Lendas que contam histórias reais, lendas de coisa que se ouviu falar, geralmente sobre temas sobrenaturais, dessas que são tão reais que as pessoas que as ouvem passam até a ver as coisas tais quais foram contadas.
As ilhas geralmente possuem essa mítica: são lugares cercados de magia, envoltos não somente pelo mar, mas pelo misticismo, crença e muitas vezes pela imaginação fértil de seus habitantes.

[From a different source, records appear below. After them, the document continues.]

(* For all words $x,y$ over a finite alphabet $\Sigma$, $\mathrm{ged}(x,y)\le\mathrm{ned}(x,y)$.
   Context: An edit path from $x$ to $y$ is a sequence $p=(a_1,b_1)\cdots(a_n,b_n)$ with $(a_i,b_i)\in(\Sigma\cup\{\varepsilon\})^2\setminus\{(\varepsilon,\varepsilon)\}$, $a_1\cdots a_n=x$ and $b_1\cdots b_n=y$; $|p|=n$ and $\mathrm{wgt}(p)=|\{i:a_i\ne b_i\}|$ (uniform weights: no-ops cost $0$, substitutions, insertions and deletions cost $1$). $\mathrm{ed}(x,y)=\min_p\mathrm{wgt}(p)$; $\mathrm{ned}(x,y)=\min_p\mathrm{wgt}(p)/|p|$ (with $\mathrm{ned}(\varepsilon,\varepsilon)=0$); $\mathrm{ged}(x,y)=\frac{2\,\mathrm{ed}(x,y)}{|x|+|y|+\mathrm{ed}(x,y)}$ (with $\mathrm{ged}(\varepsilon,\varepsilon)=0$). *)

theory Defs
  imports Complex_Main
begin

text \<open>An edit operation is a pair (a,b) with a,b in Sigma \<union> {epsilon};
  epsilon is represented by None.  The pair (epsilon,epsilon) is excluded.\<close>
type_synonym 'a edit_op = "'a option \<times> 'a option"

definition opt_word :: "'a option \<Rightarrow> 'a list" where
  "opt_word a = (case a of None \<Rightarrow> [] | Some c \<Rightarrow> [c])"

definition edit_paths :: "'a list \<Rightarrow> 'a list \<Rightarrow> 'a edit_op list set" where
  "edit_paths x y = {p. (\<forall>e\<in>set p. e \<noteq> (None, None))
                       \<and> concat (map (opt_word \<circ> fst) p) = x
                       \<and> concat (map (opt_word \<circ> snd) p) = y}"

text \<open>Uniform weights: number of positions with a_i \<noteq> b_i.\<close>
definition wgt :: "'a edit_op list \<Rightarrow> nat" where
  "wgt p = length (filter (\<lambda>e. fst e \<noteq> snd e) p)"

definition ed :: "'a list \<Rightarrow> 'a list \<Rightarrow> nat" where
  "ed x y = (INF p\<in>edit_paths x y. wgt p)"

definition ned :: "'a list \<Rightarrow> 'a list \<Rightarrow> real" where
  "ned x y = (if x = [] \<and> y = [] then 0
              else (INF p\<in>edit_paths x y. real (wgt p) / real (length p)))"

definition ged :: "'a list \<Rightarrow> 'a list \<Rightarrow> real" where
  "ged x y = (if x = [] \<and> y = [] then 0
              else 2 * real (ed x y) / (real (length x) + real (length y) + real (ed x y)))"

end

theory Submission
  imports Defs
begin

text \<open>Every operation of an edit path either is a no-op, reading one symbol of each word, or
  costs 1 and reads at least one symbol; hence \<open>2 |p| \<le> |x| + |y| + wgt p\<close>, i.e.
  \<open>wgt p / |p| \<ge> 2 wgt p / (|x| + |y| + wgt p)\<close>.  Since \<open>t \<mapsto> t / (c + t)\<close> is increasing
  and \<open>ed x y \<le> wgt p\<close>, the right-hand side is at least \<open>ged x y\<close>.\<close>

lemma edit_paths_nonempty: "edit_paths x y \<noteq> {}"
proof -
  let ?p = "map (\<lambda>c. (Some c, None)) x @ map (\<lambda>c. (None, Some c)) y"
  have "?p \<in> edit_paths x y"
    by (auto simp: edit_paths_def opt_word_def o_def concat_map_singleton)
  then show ?thesis by blast
qed

lemma ed_le_wgt: "p \<in> edit_paths x y \<Longrightarrow> ed x y \<le> wgt p"
  unfolding ed_def by (rule cINF_lower) auto

lemma double_length_le_wgt:
  assumes "\<forall>e\<in>set p. e \<noteq> (None, None)"
  shows "2 * length p \<le> length (concat (map (opt_word \<circ> fst) p))
            + length (concat (map (opt_word \<circ> snd) p)) + wgt p"
  using assms
proof (induction p)
  case Nil
  then show ?case by (simp add: wgt_def)
next
  case (Cons e p)
  obtain a b where e: "e = (a, b)" by fastforce
  have "(a, b) \<noteq> (None, None)" using Cons.prems e by auto
  then have "2 \<le> length (opt_word a) + length (opt_word b) + (if a \<noteq> b then 1 else 0)"
    by (cases a; cases b) (auto simp: opt_word_def)
  with Cons show ?case by (simp add: e wgt_def split: if_splits)
qed

lemma edit_path_double_length_le:
  "p \<in> edit_paths x y \<Longrightarrow> 2 * length p \<le> length x + length y + wgt p"
  using double_length_le_wgt[of p] by (auto simp: edit_paths_def)

lemma divide_add_mono:
  fixes c s t :: real
  assumes "0 \<le> c" "0 \<le> s" "s \<le> t" "0 < c + s"
  shows "s / (c + s) \<le> t / (c + t)"
proof -
  have "s * c \<le> t * c" using assms by (simp add: mult_right_mono)
  then show ?thesis using assms by (simp add: divide_simps algebra_simps)
qed

lemma ged_le_path_ratio:
  assumes p: "p \<in> edit_paths x y" and nonempty: "x \<noteq> [] \<or> y \<noteq> []"
  shows "ged x y \<le> real (wgt p) / real (length p)"
proof -
  define c where "c = real (length x) + real (length y)"
  define w where "w = real (wgt p)"
  define n where "n = real (length p)"
  have c_pos: "0 < c" using nonempty unfolding c_def by (cases x) auto
  have length_bound: "2 * n \<le> c + w"
    using edit_path_double_length_le[OF p] unfolding c_def w_def n_def by linarith
  have "p \<noteq> []" using p nonempty by (auto simp: edit_paths_def)
  then have n_pos: "0 < n" by (simp add: n_def)
  have "ged x y = 2 * (real (ed x y) / (c + real (ed x y)))"
    using nonempty by (simp add: ged_def c_def)
  also have "\<dots> \<le> 2 * (w / (c + w))"
    using divide_add_mono[of c "real (ed x y)" w] ed_le_wgt[OF p] c_pos
    by (simp add: w_def)
  also have "\<dots> \<le> w / n"
  proof -
    have "2 * n * w \<le> (c + w) * w"
      using mult_right_mono[OF length_bound] by (simp add: w_def)
    then show ?thesis using n_pos c_pos by (simp add: w_def divide_simps algebra_simps)
  qed
  finally show ?thesis by (simp add: w_def n_def)
qed

theorem mainTheorem11:
  fixes x y :: "'a::finite list"
  shows "ged x y \<le> ned x y"
proof (cases "x = [] \<and> y = []")
  case True
  then show ?thesis by (simp add: ged_def ned_def)
next
  case False
  then have "ned x y = (INF p\<in>edit_paths x y. real (wgt p) / real (length p))"
    unfolding ned_def by (simp only: if_False)
  also have "ged x y \<le> \<dots>"
    using False by (intro cINF_greatest edit_paths_nonempty ged_le_path_ratio) auto
  finally show ?thesis .
qed

end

Mallaig não é uma ilha propriamente dita, mas se vocês observarem num mapa a região todo por aqui possui muita água, muitos lagos, ou “lochs” como se diz por aqui. Talvez o exemplo mais famoso deles seja o Loch Ness, (Lago Ness), apenas um exemplo de muitos. Todos também rodeados por mitos e lendas.
Dizem as más línguas (com o perdão do trocadilho, mas isso é o que não falta por aqui) que o West Highland Hotel é mal assobrado.

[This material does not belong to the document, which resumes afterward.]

(* Let $J=(G=(V,E),s,t,c,\omega,d,a)$ be an instance of WMCP and let $u,v\in V$ be distinct vertices with $\{u,v\}\neq\{s,t\}$ such that every $(u,v)$-cut $A$ in $G$ satisfies $\omega(A)\ge a+1$. Then the merge of $u$ and $v$ in $J$ is an instance of WMCP equivalent to $J$.
   Context: All graphs are finite, simple and undirected. For a graph $G=(V,E)$ and distinct $x,y\in V$, an $(x,y)$-cut is an edge set $A\subseteq E$ such that $G-A$ contains no path from $x$ to $y$. For $f$ on $E$ and $F\subseteq E$, $f(F)=\sum_{e\in F}f(e)$. WMCP: input $G=(V,E)$, $s,t\in V$, $c:E\to\mathbb{N}$ (positive integers), $\omega:E\to\mathbb{N}$ (positive integers), integers $d,a$; question: is there $D\subseteq E$ with $c(D)\le d$ such that every $(s,t)$-cut $A\subseteq E\setminus D$ satisfies $\omega(A)>a$? Merge: for vertices $u,w$ (not necessarily adjacent), the merge of $u$ and $w$ in an instance is obtained by deleting $u$ and $w$ and adding a new vertex $v_{\{u,w\}}$ adjacent to every vertex of $N(\{u,w\})=(N(u)\cup N(w))\setminus\{u,w\}$; edges not incident with $u$ or $w$ keep their cost and capacity; for each $x\in N(\{u,w\})$ the new edge $\{v_{\{u,w\}},x\}$ gets cost $\min\{c(e'):e'\in E(x,\{u,w\})\}$ and capacity $\sum_{e'\in E(x,\{u,w\})}\omega(e')$, where $E(x,\{u,w\})$ is the set of edges between $x$ and $\{u,w\}$; if $s$ (resp. $t$) is among the merged vertices the new vertex takes its role; $d$ and $a$ are unchanged. Two instances are equivalent if both are yes-instances or both are no-instances. *)

theory Defs
  imports Main
begin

Tomei conhecimento disso num dia que brinquei quando as louças que estavam secando sobre a pia (num tipo de aparador que existe entre a pia e a janela) caíram sobre as cubas, fazendo um estrondo. Naquela hora disse “Caramba, isso deve ser fenômeno Poltergheist!” Mal acabei de falar, Rudy, o ajudante do chef virou para mim, sério e pediu para que eu não repetisse mais esse tipo de coisa, pois ele próprio havia presenciado “coisas estranhas” acontecerem na cozinha.
Sem ter conhecimento disso a Ju, num dia qualquer, fazendo o housekeeping no último andar do hotel (um antigo sótão, transformado em andar) viu a TV do quarto 29 ligar sozinha. No mesmo dia ficou sabendo que uma das meninas da Lituânia, a Ruta, não trabalhava naquele andar pois tinha sensações horrorosas. De fato, aquele dia a Ju terminou o trabalho transtornada. Sentia a todo o instante enquanto estava no “top floor” que era vigiada, que alguém passava por trás dela. Inquietante. Nem dormir direito conseguiu.

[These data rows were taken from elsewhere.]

lemma h_series_eq_sum_faces:
  assumes "\<Delta> \<subseteq> Pow {1..n}"
  shows "h_series n \<Delta> = (\<Sum>F\<in>\<Delta>. fps_X ^ card F * (1 - fps_X) ^ (sr_dim \<Delta> - card F))"
proof -
  have "sr_hilbert_series n \<Delta> = (\<Sum>F\<in>\<Delta>. exact_support_series F)"
    by (rule fps_ext)
      (simp add: sr_hilbert_series_def fps_sum_nth exact_support_series_def
        sr_hilbert_fun_eq_sum_faces[OF assms])
  then have "h_series n \<Delta> = (\<Sum>F\<in>\<Delta>. exact_support_series F * (1 - fps_X) ^ sr_dim \<Delta>)"
    by (simp add: h_series_def sum_distrib_right)
  also have "\<dots> = (\<Sum>F\<in>\<Delta>. fps_X ^ card F * (1 - fps_X) ^ (sr_dim \<Delta> - card F))"
  proof (rule sum.cong[OF refl])
    fix F assume F: "F \<in> \<Delta>"
    have "finite \<Delta>" using assms by (rule finite_subset) simp
    with F have "card F \<le> sr_dim \<Delta>" by (simp add: sr_dim_def)
    then have "exact_support_series F * (1 - fps_X) ^ sr_dim \<Delta> =
        (exact_support_series F * (1 - fps_X) ^ card F) * (1 - fps_X) ^ (sr_dim \<Delta> - card F)"
      by (simp add: mult.assoc power_add[symmetric])
    also have "\<dots> = fps_X ^ card F * (1 - fps_X) ^ (sr_dim \<Delta> - card F)"
      using F assms by (subst exact_support_series_times_power) (auto intro: finite_subset)
    finally show "exact_support_series F * (1 - fps_X) ^ sr_dim \<Delta> =
        fps_X ^ card F * (1 - fps_X) ^ (sr_dim \<Delta> - card F)" .
  qed
  finally show ?thesis .
qed

section \<open>Counting faces of a chordal clutter\<close>

lemma sum_subsets_by_card:
  fixes g :: "nat \<Rightarrow> 'a::comm_semiring_1"
  assumes "finite S" "finite I"
  shows "(\<Sum>A\<in>{A. A \<subseteq> S \<and> card A \<in> I}. g (card A)) = (\<Sum>i\<in>I. of_nat (card S choose i) * g i)"
proof -
  have "{A. A \<subseteq> S \<and> card A \<in> I} = (\<Union>i\<in>I. {A. A \<subseteq> S \<and> card A = i})" by auto
  then have "(\<Sum>A\<in>{A. A \<subseteq> S \<and> card A \<in> I}. g (card A))
      = (\<Sum>i\<in>I. \<Sum>A\<in>{A. A \<subseteq> S \<and> card A = i}. g (card A))"
    using assms by (simp, subst sum.UNION_disjoint) (auto intro: finite_subset[of _ "Pow S"])
  also have "\<dots> = (\<Sum>i\<in>I. of_nat (card S choose i) * g i)"
    using assms(1) by (simp add: n_subsets)
  finally show ?thesis .
qed

lemma simplicial_order_Nil: "simplicial_order n d C [] \<longleftrightarrow> C = {}"
  by (simp add: simplicial_order_def deletes_def)

lemma simplicial_order_Cons:
  "simplicial_order n d C (e # es) \<longleftrightarrow> simplicial n d C e \<and> simplicial_order n d (delete C e) es"
proof -
  have deletes_Cons: "deletes C (e # es') = deletes (delete C e) es'" for es'
    by (simp add: deletes_def)
  have "(\<forall>i<length (e # es). simplicial n d (deletes C (take i (e # es))) ((e # es) ! i))
     \<longleftrightarrow> simplicial n d C e \<and> (\<forall>i<length es. simplicial n d (deletes (delete C e) (take i es)) (es ! i))"
    by (simp add: All_less_Suc2 deletes_Cons) (simp add: deletes_def)
  then show ?thesis by (simp add: simplicial_order_def deletes_Cons)
qed

lemma order_multiset_Nil: "order_multiset C [] = []"
  by (simp add: order_multiset_def)

lemma order_multiset_Cons:
  "order_multiset C (e # es) = card (nbhd C e) # order_multiset (delete C e) es"
proof -
  have "[0..<length (e # es)] = 0 # map Suc [0..<length es]"
    by (simp add: upt_conv_Cons map_Suc_upt del: upt_Suc)
  then show ?thesis by (simp add: order_multiset_def deletes_def)
qed

lemma uniform_clutter_delete: "uniform_clutter n d C \<Longrightarrow> uniform_clutter n d (delete C e)"
  by (auto simp: uniform_clutter_def delete_def)

lemma clique_complex_subset_Pow: "clique_complex n d C \<subseteq> Pow {1..n}"
  by (auto simp: clique_complex_def is_clique_def)

lemma finite_clique_complex: "finite (clique_complex n d C)"
  using clique_complex_subset_Pow by (rule finite_subset) simp

lemma clique_complex_empty: "clique_complex n d {} = {V. V \<subseteq> {1..n} \<and> card V < d}"
proof (intro equalityI subsetI)
  fix V assume "V \<in> clique_complex n d {}"
  then have V: "V \<subseteq> {1..n}" "\<forall>S\<subseteq>V. card S \<noteq> d"
    by (auto simp: clique_complex_def is_clique_def)
  have "\<not> d \<le> card V"
  proof
    assume "d \<le> card V"
    then obtain S where "S \<subseteq> V" "card S = d" by (rule obtain_subset_with_card_n)
    with V show False by blast
  qed
  with V show "V \<in> {V. V \<subseteq> {1..n} \<and> card V < d}" by simp
next
  fix V assume V: "V \<in> {V. V \<subseteq> {1..n} \<and> card V < d}"
  then have "finite V" using finite_subset by blast
  with V have "card S < d" if "S \<subseteq> V" for S
    using card_mono[OF _ that] by fastforce
  with V show "V \<in> clique_complex n d {}"
    by (auto simp: clique_complex_def is_clique_def)
qed

locale simplicial_circuit =
  fixes n d :: nat and C :: "nat set set" and e :: "nat set"
  assumes d_pos: "d \<ge> 1"
    and uniform: "uniform_clutter n d C"
    and simplicial: "simplicial n d C e"
begin

definition removed_faces :: "nat set set" where
  "removed_faces = (\<lambda>A. e \<union> A) ` {A. A \<subseteq> nbhd C e \<and> A \<noteq> {}}"

lemma card_e: "card e = d - 1"
  using simplicial by (simp add: simplicial_def submax_circuit_def)

lemma finite_e: "finite e"
proof -
  obtain F where "F \<in> C" "e \<subseteq> F"
    using simplicial by (auto simp: simplicial_def submax_circuit_def)
  with uniform have "e \<subseteq> {1..n}" by (auto simp: uniform_clutter_def)
  then show ?thesis by (rule finite_subset) simp
qed

lemma card_insert_e: "c \<notin> e \<Longrightarrow> card (insert c e) = d"
  using finite_e card_e d_pos by simp

lemma nbhd_disjoint: "nbhd C e \<inter> e = {}"
proof (rule ccontr)
  assume "nbhd C e \<inter> e \<noteq> {}"
  then obtain c where "c \<in> e" "insert c e \<in> C" by (auto simp: nbhd_def)
  with uniform have "card e = d" by (auto simp: uniform_clutter_def insert_absorb)
  with card_e d_pos show False by simp
qed

lemma finite_nbhd: "finite (nbhd C e)"
proof -
  have "nbhd C e \<subseteq> {1..n}" using uniform by (auto simp: nbhd_def uniform_clutter_def)
  then show ?thesis by (rule finite_subset) simp
qed

lemma card_Un_nbhd_subset:
  assumes "A \<subseteq> nbhd C e"
  shows "card (e \<union> A) = d - 1 + card A"
proof -
  have "finite A" using assms finite_nbhd by (rule finite_subset)
  moreover have "e \<inter> A = {}" using assms nbhd_disjoint by blast
  ultimately show ?thesis using card_Un_disjoint[OF finite_e] card_e by simp
qed

lemma closed_nbhd_in_clique_complex: "e \<union> nbhd C e \<in> clique_complex n d C"
  using simplicial by (simp add: simplicial_def closed_nbhd_def clique_complex_def)

text \<open>A clique of \<open>C\<close> that is no clique of \<open>C \ e\<close> contains a \<open>d\<close>-set through \<open>e\<close>; all its
  vertices outside \<open>e\<close> are then neighbours of \<open>e\<close>.\<close>
lemma clique_complex_eq_Un_removed_faces:
  "clique_complex n d C = clique_complex n d (delete C e) \<union> removed_faces"
proof (intro equalityI subsetI)
  fix V assume "V \<in> clique_complex n d C"
  then have V: "is_clique n d C V" by (simp add: clique_complex_def)
  show "V \<in> clique_complex n d (delete C e) \<union> removed_faces"
  proof (cases "is_clique n d (delete C e) V")
    case True
    then show ?thesis by (simp add: clique_complex_def)
  next
    case False
    with V obtain S where S: "S \<subseteq> V" "card S = d" "S \<in> C" "e \<subseteq> S"
      by (auto simp: is_clique_def delete_def)
    have "V - e \<noteq> {}"
    proof
      assume "V - e = {}"
      then have "card S \<le> card e" using S finite_e by (intro card_mono) auto
      with S card_e d_pos show False by simp
    qed
    moreover have "V - e \<subseteq> nbhd C e"
    proof
      fix c assume c: "c \<in> V - e"
      then have "insert c e \<subseteq> V" "card (insert c e) = d" using S card_insert_e by auto
      with V show "c \<in> nbhd C e" by (auto simp: is_clique_def nbhd_def)
    qed
    moreover have "V = e \<union> (V - e)" using S by blast
    ultimately show ?thesis unfolding removed_faces_def by blast
  qed
next
  fix V assume "V \<in> clique_complex n d (delete C e) \<union> removed_faces"
  then show "V \<in> clique_complex n d C"
  proof
    assume "V \<in> clique_complex n d (delete C e)"
    then show ?thesis by (auto simp: clique_complex_def is_clique_def delete_def)
  next
    assume "V \<in> removed_faces"
    then have "V \<subseteq> closed_nbhd C e" by (auto simp: removed_faces_def closed_nbhd_def)
    with simplicial show ?thesis
      by (auto simp: clique_complex_def simplicial_def is_clique_def)
  qed
qed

Após esses acontecimentos e a jura da Ju dizendo que nunca mais trabalharia no top floor sozinha, fomos por acaso ao Herritage Centre de Mallaig, um tipo de museu que conta muito da história da cidade, do porto, e de toda a região das Highlands e das pequenas ilhas que ficam espalhadas por aqui.
Dentre as diversas fotos existentes por lá uma nos impressionou: uma foto tirada em 1903, na qual o hotel em que trabalhamos aparece já construído e funcionando como tal.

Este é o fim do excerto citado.